Biology

Machine metaphors: Ethical and philosophical challenges in synthetic biology

The emerging field of synthetic biology faces a growing need for conceptual clarification and ethical deliberation. Dr Joachim Boldt from the University of Freiburg has analysed the using of machine metaphors in describing biological systems, and how language affects the approaches we have towards synthetic biology research. In addition to oversimplifying biological systems, machine metaphors can create new biosafety risks and change how humanity regards life itself.

Few scientific fields are under similar turbulence as the biological sciences today. Advances in DNA sequencing, DNA synthesis, targeted genome editing, and molecular modelling have become features of an emerging field – synthetic biology. Synthetic biology is an extension of biotechnology, and a combination of systems biology and bioinformatics, yet unlike previous fields, synthetic biology aims to map out the molecular parts of living cells and wield them. This aspiration has quickly tumbled into a whirlpool of philosophical and ethical debate.

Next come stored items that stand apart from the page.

lemma trunc_hom_mult:
  assumes a: "a \<in> trunc_hom n k" and b: "b \<in> trunc_hom n l"
  shows "a \<circ> b \<in> trunc_hom n (k + l)"
proof -
  have aD: "a \<in> Dops" using a trunc_hom_subset trunc_car_Dops by blast
  consider "0 < k" | "0 < l" | "k = 0" "l = 0" | "k \<le> 0" "l \<le> 0" "k + l < 0" by linarith
  then show ?thesis
  proof cases
    case 1
    then have "a \<circ> b = op_zero" using a by (simp add: trunc_hom_def op_zero_def comp_def)
    then show ?thesis using trunc_hom_zero by simp
  next
    case 2
    then have "a \<circ> b = op_zero" using b Dops_0[OF aD]
      by (simp add: trunc_hom_def op_zero_def fun_eq_iff)
    then show ?thesis using trunc_hom_zero by simp
  next
    case 3
    then show ?thesis using a b D11_cocycle_0_comp by (simp add: trunc_hom_def)
  next
    case 4
    have "a \<circ> b \<in> dg_hom (D11 n) (k + l)"
      using D11_hom_mult[OF subsetD[OF trunc_hom_subset a, THEN IntD2] subsetD[OF trunc_hom_subset
          b, THEN IntD2]] .
    with 4 show ?thesis by (simp add: trunc_hom_def)
  qed
qed

lemma trunc_hom_dQ:
  assumes a: "a \<in> trunc_hom n k"
  shows "dQ n a \<in> trunc_hom n (k + 1)"
proof -
  have aD: "a \<in> Dops" and ah: "a \<in> dg_hom (D11 n) k" using a trunc_hom_subset trunc_car_Dops
    by blast+
  consider "k < -1" | "k = -1" | "k = 0" | "0 < k" by linarith
  then show ?thesis
  proof cases
    case 1
    then show ?thesis using dQ_hom[OF ah] by (simp add: trunc_hom_def)
  next
    case 2
    then show ?thesis
      using dQ_hom[OF ah] dQ_dQ[OF aD] by (simp add: trunc_hom_def dg_cocycles_def D11_simps)
  next
    case 3
    then show ?thesis using a by (simp add: trunc_hom_def dg_cocycles_def D11_simps)
  next
    case 4
    then show ?thesis using a by (simp add: trunc_hom_def dQ_op_zero)
  qed
qed
(* Let $p\ge3$ be a prime, let $k\ge1$ and let $c>0$. If $D$ is a probability distribution on $\mathbb{F}_p^k$ such that $D(W)\le1-c$ for every proper affine subspace $W$ of $\mathbb{F}_p^k$, then for every positive integer $M\ge 2kp^2\log p/(c\pi^2)$ the distribution $MD$ satisfies $|MD(x)-p^{-k}|\le p^{-2k}$ for each $x\in\mathbb{F}_p^k$.
   Context: $D(W)=\sum_{x\in W}D(x)$. $MD$ denotes the $M$-fold convolution of $D$ with itself, i.e. the distribution of the sum of $M$ independent random variables with distribution $D$. *)

theory Defs
  imports Complex_Main "HOL-Computational_Algebra.Primes"
begin

text \<open>Vectors of F_p^k are represented as functions nat => nat whose first k
  entries lie in {0..<p} and whose remaining entries are 0.\<close>

definition vecs :: "nat \<Rightarrow> nat \<Rightarrow> (nat \<Rightarrow> nat) set" where
  "vecs p k = {x. (\<forall>i<k. x i < p) \<and> (\<forall>i\<ge>k. x i = 0)}"

definition vzero :: "nat \<Rightarrow> nat" where
  "vzero = (\<lambda>i. 0)"

definition vadd :: "nat \<Rightarrow> (nat \<Rightarrow> nat) \<Rightarrow> (nat \<Rightarrow> nat) \<Rightarrow> (nat \<Rightarrow> nat)" where
  "vadd p x y = (\<lambda>i. (x i + y i) mod p)"

definition vsub :: "nat \<Rightarrow> (nat \<Rightarrow> nat) \<Rightarrow> (nat \<Rightarrow> nat) \<Rightarrow> (nat \<Rightarrow> nat)" where
  "vsub p x y = (\<lambda>i. (x i + p - y i) mod p)"

definition vsmult :: "nat \<Rightarrow> nat \<Rightarrow> (nat \<Rightarrow> nat) \<Rightarrow> (nat \<Rightarrow> nat)" where
  "vsmult p a x = (\<lambda>i. (a * x i) mod p)"

definition lin_subspace :: "nat \<Rightarrow> nat \<Rightarrow> (nat \<Rightarrow> nat) set \<Rightarrow> bool" where
  "lin_subspace p k V \<longleftrightarrow> V \<subseteq> vecs p k \<and> vzero \<in> V \<and>
     (\<forall>x\<in>V. \<forall>y\<in>V. vadd p x y \<in> V) \<and> (\<forall>a<p. \<forall>x\<in>V. vsmult p a x \<in> V)"

definition affine_subspace :: "nat \<Rightarrow> nat \<Rightarrow> (nat \<Rightarrow> nat) set \<Rightarrow> bool" where
  "affine_subspace p k W \<longleftrightarrow> (\<exists>v\<in>vecs p k. \<exists>V. lin_subspace p k V \<and> W = vadd p v ` V)"

definition proper_affine_subspace :: "nat \<Rightarrow> nat \<Rightarrow> (nat \<Rightarrow> nat) set \<Rightarrow> bool" where
  "proper_affine_subspace p k W \<longleftrightarrow> affine_subspace p k W \<and> W \<noteq> vecs p k"

definition is_distribution :: "nat \<Rightarrow> nat \<Rightarrow> ((nat \<Rightarrow> nat) \<Rightarrow> real) \<Rightarrow> bool" where
  "is_distribution p k D \<longleftrightarrow> (\<forall>x\<in>vecs p k. D x \<ge> 0) \<and> (\<Sum>x\<in>vecs p k. D x) = 1"

definition conv :: "nat \<Rightarrow> nat \<Rightarrow> ((nat \<Rightarrow> nat) \<Rightarrow> real) \<Rightarrow> ((nat \<Rightarrow> nat) \<Rightarrow> real)
    \<Rightarrow> ((nat \<Rightarrow> nat) \<Rightarrow> real)" where
  "conv p k D E = (\<lambda>x. \<Sum>y\<in>vecs p k. D y * E (vsub p x y))"

fun conv_pow :: "nat \<Rightarrow> nat \<Rightarrow> ((nat \<Rightarrow> nat) \<Rightarrow> real) \<Rightarrow> nat \<Rightarrow> ((nat \<Rightarrow> nat) \<Rightarrow> real)" where
  "conv_pow p k D 0 = (\<lambda>x. if x = vzero then 1 else 0)"
| "conv_pow p k D (Suc M) = conv p k D (conv_pow p k D M)"

end
lemma weighted_shift_energy_cball_exponent_le:
  fixes u :: "'a::euclidean_space \<times> 'b::euclidean_space \<Rightarrow> real"
  assumes um: "u \<in> borel_measurable borel" and p: "1 \<le> p" and s: "s0 < s" "s < 1" and d: "0 < d"
    and finite: "weighted_shift_energy u p (real DIM('a) + s * p) (cball 0 d) \<noteq> top"
  defines "Q \<equiv> 2 powr ((1 - s) * p)" and "\<rho> \<equiv> 2 powr ((s0 - s) * p)"
  shows "weighted_shift_energy u p (real DIM('a) + s0 * p) (cball 0 d)
         \<le> ennreal (d powr ((s - s0) * p) * ((Q - 1) / (Q - \<rho>)))
            * weighted_shift_energy u p (real DIM('a) + s * p) (cball 0 d)"
proof -
  define e0 where "e0 = real DIM('a) + s0 * p"
  define e1 where "e1 = real DIM('a) + s * p"
  define T where "T k = weighted_shift_energy u p e1 (cball 0 (d / 2 ^ k))" for k
  define A where "A k = weighted_shift_energy u p e1 (dyadic_shell d k)" for k
  have Q: "1 \<le> Q" and \<rho>: "0 \<le> \<rho>" "\<rho> < 1"
    using p s by (auto simp: Q_def \<rho>_def mult_less_0_iff intro!: ge_one_powr_ge_zero powr_less_one)
  have halve: "d / 2 ^ k / 2 = d / 2 ^ Suc k" for k
    by simp
  have split: "T k = A k + T (Suc k)" for k
    using weighted_shift_energy_split_cball[OF um, of "d / 2 ^ k" p e1] d
    unfolding T_def A_def dyadic_shell_def halve by simp
  have growth: "T k \<le> ennreal Q * T (Suc k)" for k
    using weighted_shift_energy_cball_double[OF um p, of s "d / 2 ^ k"]
    unfolding T_def Q_def e1_def halve .
  have exponents: "e1 - e0 = (s - s0) * p" "e0 - e1 = (s0 - s) * p"
    by (simp_all add: e0_def e1_def algebra_simps)
  have "weighted_shift_energy u p e0 (cball 0 d) \<le> (\<Sum>k. weighted_shift_energy u p e0 (dyadic_shell d k))"
    by (rule weighted_shift_energy_cball_le_suminf_shells[OF um])
  also have "\<dots> \<le> ennreal (d powr ((s - s0) * p)) * (\<Sum>k. ennreal (\<rho> ^ k) * A k)"
  proof -
    have "e0 \<le> e1"
      using p s by (simp add: e0_def e1_def)
    from weighted_shift_energy_dyadic_shell_le[OF um this d]
    have "weighted_shift_energy u p e0 (dyadic_shell d k)
        \<le> ennreal (d powr ((s - s0) * p)) * (ennreal (\<rho> ^ k) * A k)" for k
      unfolding A_def \<rho>_def exponents .
    then show ?thesis
      unfolding ennreal_suminf_cmult[symmetric] by (intro suminf_le) auto
  qed
  also have "\<dots> \<le> ennreal (d powr ((s - s0) * p)) * (ennreal ((Q - 1) / (Q - \<rho>)) * T 0)"
    using finite Q \<rho>
    by (intro mult_left_mono ennreal_suminf_weighted_telescoping_le split growth) (auto simp: T_def e1_def)
  also have "\<dots> = ennreal (d powr ((s - s0) * p) * ((Q - 1) / (Q - \<rho>))) * T 0"
    unfolding ennreal_mult'[OF powr_ge_zero] by (simp only: mult.assoc)
  finally show ?thesis
    by (simp add: T_def e0_def e1_def)
qed

lemma x_seminorm_interpolation:
  fixes u :: "'a::euclidean_space \<times> 'b::euclidean_space \<Rightarrow> real"
  assumes um: "u \<in> borel_measurable borel" and p: "1 \<le> p" and s: "s0 < s" "s < 1" and d: "0 < d"
    and slice_bound: "\<And>x z y. (x, y) \<in> \<Omega> \<Longrightarrow> (z, y) \<in> \<Omega> \<Longrightarrow> norm (x - z) \<le> d"
  shows "ennreal ((1 - s0) / (2 powr ((1 - s0) * p) * d powr ((s - s0) * p))) * x_seminorm \<Omega> s0 p u
         \<le> ennreal (1 - s) * x_seminorm UNIV s p u"
proof -
  define E where "E = weighted_shift_energy u p (real DIM('a) + s * p) (cball 0 d)"
  have E_le: "E \<le> x_seminorm UNIV s p u"
    unfolding E_def x_seminorm_UNIV[OF um] by (rule weighted_shift_energy_mono) simp
  show ?thesis
  proof (cases "E = top")
    case True
    then show ?thesis
      using E_le s by (simp add: top_unique ennreal_mult_top)
  next
    case False
    define Q where "Q = (2::real) powr ((1 - s) * p)"
    define \<rho> where "\<rho> = (2::real) powr ((s0 - s) * p)"
    define K where "K = (2::real) powr ((1 - s0) * p)"
    define D where "D = d powr ((s - s0) * p)"
    define C where "C = (1 - s0) / (K * D)"
    define c where "c = (Q - 1) / (Q - \<rho>)"
    have Q: "1 \<le> Q" and \<rho>: "\<rho> < 1" and K: "0 < K" and D: "0 < D"
      using p s d by (auto simp: Q_def \<rho>_def K_def D_def mult_less_0_iff intro!: ge_one_powr_ge_zero powr_less_one)
    then have C: "0 \<le> C" and c: "0 \<le> c"
      using s by (simp_all add: C_def c_def)
    have C_bound: "C * (D * c) \<le> 1 - s"
    proof -
      have "(1 - s0) * (Q - 1) \<le> (1 - s) * K * (Q - \<rho>)"
        unfolding Q_def K_def \<rho>_def using interpolation_constant_le[of p s0 s] p s by simp
      then have "(1 - s0) / K * c \<le> 1 - s"
        using K Q \<rho> by (simp add: c_def field_simps)
      moreover have "C * (D * c) = (1 - s0) / K * c"
        using D by (simp add: C_def)
      ultimately show ?thesis
        by simp
    qed
    have "x_seminorm \<Omega> s0 p u \<le> weighted_shift_energy u p (real DIM('a) + s0 * p) (cball 0 d)"
      by (rule x_seminorm_le_weighted_shift_energy[OF um slice_bound])
    also have "\<dots> \<le> ennreal (D * c) * E"
      unfolding D_def c_def Q_def \<rho>_def E_def
      by (rule weighted_shift_energy_cball_exponent_le[OF um p s d False[unfolded E_def]])
    finally have "ennreal C * x_seminorm \<Omega> s0 p u \<le> ennreal C * (ennreal (D * c) * E)"
      by (rule mult_left_mono) simp
    also have "\<dots> = ennreal (C * (D * c)) * E"
      using C D c by (simp add: ennreal_mult mult.assoc)
    also have "\<dots> \<le> ennreal (1 - s) * x_seminorm UNIV s p u"
      using C_bound E_le by (intro mult_mono ennreal_leI) auto
    finally show ?thesis
      by (simp add: C_def K_def D_def)
  qed
qed
lemma counit_nat_iso:
  "nat_iso cocycle_grpd cocycle_grpd (\<lambda>y. can_o (incl_o y))
     (\<lambda>y z a. can_m (incl_o y) (incl_o z) (incl_m y z a)) (\<lambda>y. y) (\<lambda>y z a. a) (gid cocycle_grpd)"
  unfolding nat_iso_def
proof (intro conjI ballI)
  fix y assume y: "y \<in> gObj cocycle_grpd"
  then have "gid cocycle_grpd y \<in> gHom cocycle_grpd y y"
    by (simp add: cocycle_grpd_gHom Z1_iff)
  then show "iso_arr cocycle_grpd (can_o (incl_o y)) y (gid cocycle_grpd y)"
    using y by (simp add: cocycle_grpd_iso_arr incl_o_def Z1_iff)
next
  fix y z a assume "y \<in> gObj cocycle_grpd" "z \<in> gObj cocycle_grpd" "a \<in> gHom cocycle_grpd y z"
  then obtain h where "a = (h, y)" "h \<in> carrier M" "y \<in> carrier M"
    by (auto simp: cocycle_grpd_gHom Z1_iff)
  then show "gcomp cocycle_grpd (gid cocycle_grpd z) (can_m (incl_o y) (incl_o z) (incl_m y z a)) =
      gcomp cocycle_grpd a (gid cocycle_grpd y)"
    by (simp add: incl_o_def)
qed

lemma can_weak_equivalence: "weak_equivalence hfix_grpd cocycle_grpd can_o can_m"
  unfolding weak_equivalence_def
  using can_functor incl_functor unit_nat_iso counit_nat_iso by blast

end

lemma section_stable_subgroup_involution:
  assumes "presheaf_of_groups C G res" "presheaf_involution C G res \<theta>"
    and "subgroup_presheaf C G res B" "\<theta> U ` B U = B U" "U \<in> Ob C"
  shows "stable_subgroup_involution (G U) (\<theta> U) (B U)"
proof -
  have "group (G U)"
    using assms(1,5) unfolding presheaf_of_groups_def by blast
  moreover have "\<theta> U \<in> hom (G U) (G U)" "\<forall>x\<in>carrier (G U). \<theta> U (\<theta> U x) = x"
    using assms(2,5) unfolding presheaf_involution_def by blast+
  moreover have "subgroup (B U) (G U)"
    using assms(3,5) unfolding subgroup_presheaf_def by blast
  ultimately show ?thesis
    using assms(4)
    by (simp add: stable_subgroup_involution_def stable_subgroup_involution_axioms_def
        group_involution_def group_involution_axioms_def group_hom_def group_hom_axioms_def)
qed

lemma section_constructions_eq:
  fixes G :: "'o \<Rightarrow> 'a monoid" and \<theta> B U
  assumes stable: "stable_subgroup_involution (G U) (\<theta> U) (B U)"
  shows "hEBBG G \<theta> B U = stable_subgroup_involution.hfix_grpd (G U) (\<theta> U) (B U)"
    and "EBZ G \<theta> B U = stable_subgroup_involution.cocycle_grpd (G U) (\<theta> U) (B U)"
    and "can_obj G U = stable_subgroup_involution.can_o (G U)"
    and "can_mor G U = stable_subgroup_involution.can_m (G U)"
proof -
  show "hEBBG G \<theta> B U = stable_subgroup_involution.hfix_grpd (G U) (\<theta> U) (B U)"
    by (simp add: hEBBG_def EBBG_def bar_obj_def[abs_def] bar_mor_def
        stable_subgroup_involution.hfix_grpd_def[OF stable]
        stable_subgroup_involution.pair_grpd_def[OF stable])
  show "EBZ G \<theta> B U = stable_subgroup_involution.cocycle_grpd (G U) (\<theta> U) (B U)"
    by (simp add: EBZ_def stable_subgroup_involution.cocycle_grpd_def[OF stable])
  show can_o: "can_obj G U = stable_subgroup_involution.can_o (G U)"
    by (simp add: can_obj_def stable_subgroup_involution.can_o_def[OF stable])
  show "can_mor G U = stable_subgroup_involution.can_m (G U)"
    by (simp add: can_mor_def[abs_def] stable_subgroup_involution.can_m_def[OF stable, abs_def] can_o)
qed

lemma can_natural:
  assumes "stable_subgroup_involution (G W) (\<theta> W) (B W)" "r \<in> hom (G W) (G V)"
    and "x \<in> gObj (hEBBG G \<theta> B W)"
  shows "can_obj G V (res_ohEBB r x) = r (can_obj G W x)"
    and "can_mor G V (res_ohEBB r x) (res_ohEBB r y) (res_mEBB r a) = res_mEBZ r (can_mor G W x y a)"
proof -
  interpret stable_subgroup_involution "G W" "\<theta> W" "B W"
    by (fact assms(1))
  obtain g b where "x = hfix_point g b" "g \<in> carrier (G W)" "b \<in> B W"
    using assms(3) unfolding section_constructions_eq(1)[of G W \<theta> B, OF assms(1)]
    by (rule hfix_grpd_gObjE)
  moreover have "b \<in> carrier (G W)"
    using \<open>b \<in> B W\<close> by (rule B.mem_carrier)
  ultimately show obj: "can_obj G V (res_ohEBB r x) = r (can_obj G W x)"
    using assms(2) by (simp add: can_obj_def res_ohEBB_def res_mEBB_def hfix_point_def Group.hom_mult)
  obtain c1 c2 g' where "a = ((c1, c2), g')"
    by (metis prod.exhaust)
  then show "can_mor G V (res_ohEBB r x) (res_ohEBB r y) (res_mEBB r a) = res_mEBZ r (can_mor G W x y a)"
    using obj by (simp add: can_mor_def res_mEBB_def res_mEBZ_def)
qed

theorem mainTheorem10:
  fixes C :: "('o, 'm) cat"
    and G :: "'o \<Rightarrow> 'a monoid"
    and res :: "'m \<Rightarrow> 'a \<Rightarrow> 'a"
    and \<theta> :: "'o \<Rightarrow> 'a \<Rightarrow> 'a"
    and B :: "'o \<Rightarrow> 'a set"
  assumes "category C"
    and "presheaf_of_groups C G res"
    and "presheaf_involution C G res \<theta>"
    and "subgroup_presheaf C G res B"
    and "\<forall>U\<in>Ob C. \<theta> U ` B U = B U"
  shows "(\<forall>U\<in>Ob C.
            gpd_fibration (hEBBG G \<theta> B U) (EBZ G \<theta> B U) (can_obj G U) (can_mor G U) \<and>
            weak_equivalence (hEBBG G \<theta> B U) (EBZ G \<theta> B U) (can_obj G U) (can_mor G U)) \<and>
         (\<forall>f\<in>Arr C.
            (\<forall>x\<in>gObj (hEBBG G \<theta> B (ccod C f)).
               can_obj G (cdom C f) (res_ohEBB (res f) x) = res f (can_obj G (ccod C f) x)) \<and>
            (\<forall>x\<in>gObj (hEBBG G \<theta> B (ccod C f)). \<forall>y\<in>gObj (hEBBG G \<theta> B (ccod C f)).
             \<forall>a\<in>gHom (hEBBG G \<theta> B (ccod C f)) x y.
               can_mor G (cdom C f) (res_ohEBB (res f) x) (res_ohEBB (res f) y) (res_mEBB (res f) a)
                 = res_mEBZ (res f) (can_mor G (ccod C f) x y a)))"
proof -
  have stable: "stable_subgroup_involution (G U) (\<theta> U) (B U)" if "U \<in> Ob C" for U
    using assms that by (simp add: section_stable_subgroup_involution)
  have restriction: "ccod C f \<in> Ob C" "res f \<in> hom (G (ccod C f)) (G (cdom C f))" if "f \<in> Arr C" for f
    using assms(1,2) that unfolding category_def presheaf_of_groups_def by blast+
  show ?thesis
  proof (intro conjI ballI)
    fix U assume "U \<in> Ob C"
    then have "stable_subgroup_involution (G U) (\<theta> U) (B U)"
      by (fact stable)
    then show "gpd_fibration (hEBBG G \<theta> B U) (EBZ G \<theta> B U) (can_obj G U) (can_mor G U)"
      and "weak_equivalence (hEBBG G \<theta> B U) (EBZ G \<theta> B U) (can_obj G U) (can_mor G U)"
      by (simp_all add: section_constructions_eq[of G U \<theta> B]
          stable_subgroup_involution.can_fibration stable_subgroup_involution.can_weak_equivalence)
  next
    fix f x y a assume f: "f \<in> Arr C" and x: "x \<in> gObj (hEBBG G \<theta> B (ccod C f))"
    note natural = can_natural[of G "ccod C f" \<theta> B,
        OF stable[OF restriction(1)[OF f]] restriction(2)[OF f] x]
    show "can_obj G (cdom C f) (res_ohEBB (res f) x) = res f (can_obj G (ccod C f) x)"
      and "can_mor G (cdom C f) (res_ohEBB (res f) x) (res_ohEBB (res f) y) (res_mEBB (res f) a)
             = res_mEBZ (res f) (can_mor G (ccod C f) x y a)"
      by (fact natural)+
  qed
qed

end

What is synthetic biology?
In essence, synthetic biology combines biotechnological tools with ideas from engineering, computer sciences and design thinking, and uses them to build new biological systems. Synthetic biologists often think similarly to synthetic chemists, isolating individual chemical pathways inside the cell. Each molecular input, output and catalyst in between is identified and analysed, which would enable mimicking and optimizing the reaction steps through genetic alterations in the lab. Pathway mapping would nudge existing organisms such as bacteria, yeasts, fungi or algae into critical resources for industries, agriculture and medicine, as well as environmental remediation.


Growing ethical debate
However, synthetic biologists have explored even more synthetic approaches. These range from expanding the genetic code with synthetic DNA base pairs, assembling entire genomes from known DNA parts, re-programming stem cells into derided types, or self-organising cell into organ-like 3D tissues cultures. These applications call for deep ethical discussion and public dialogue with people attracted by the industrial, environmental and medical promises of the field.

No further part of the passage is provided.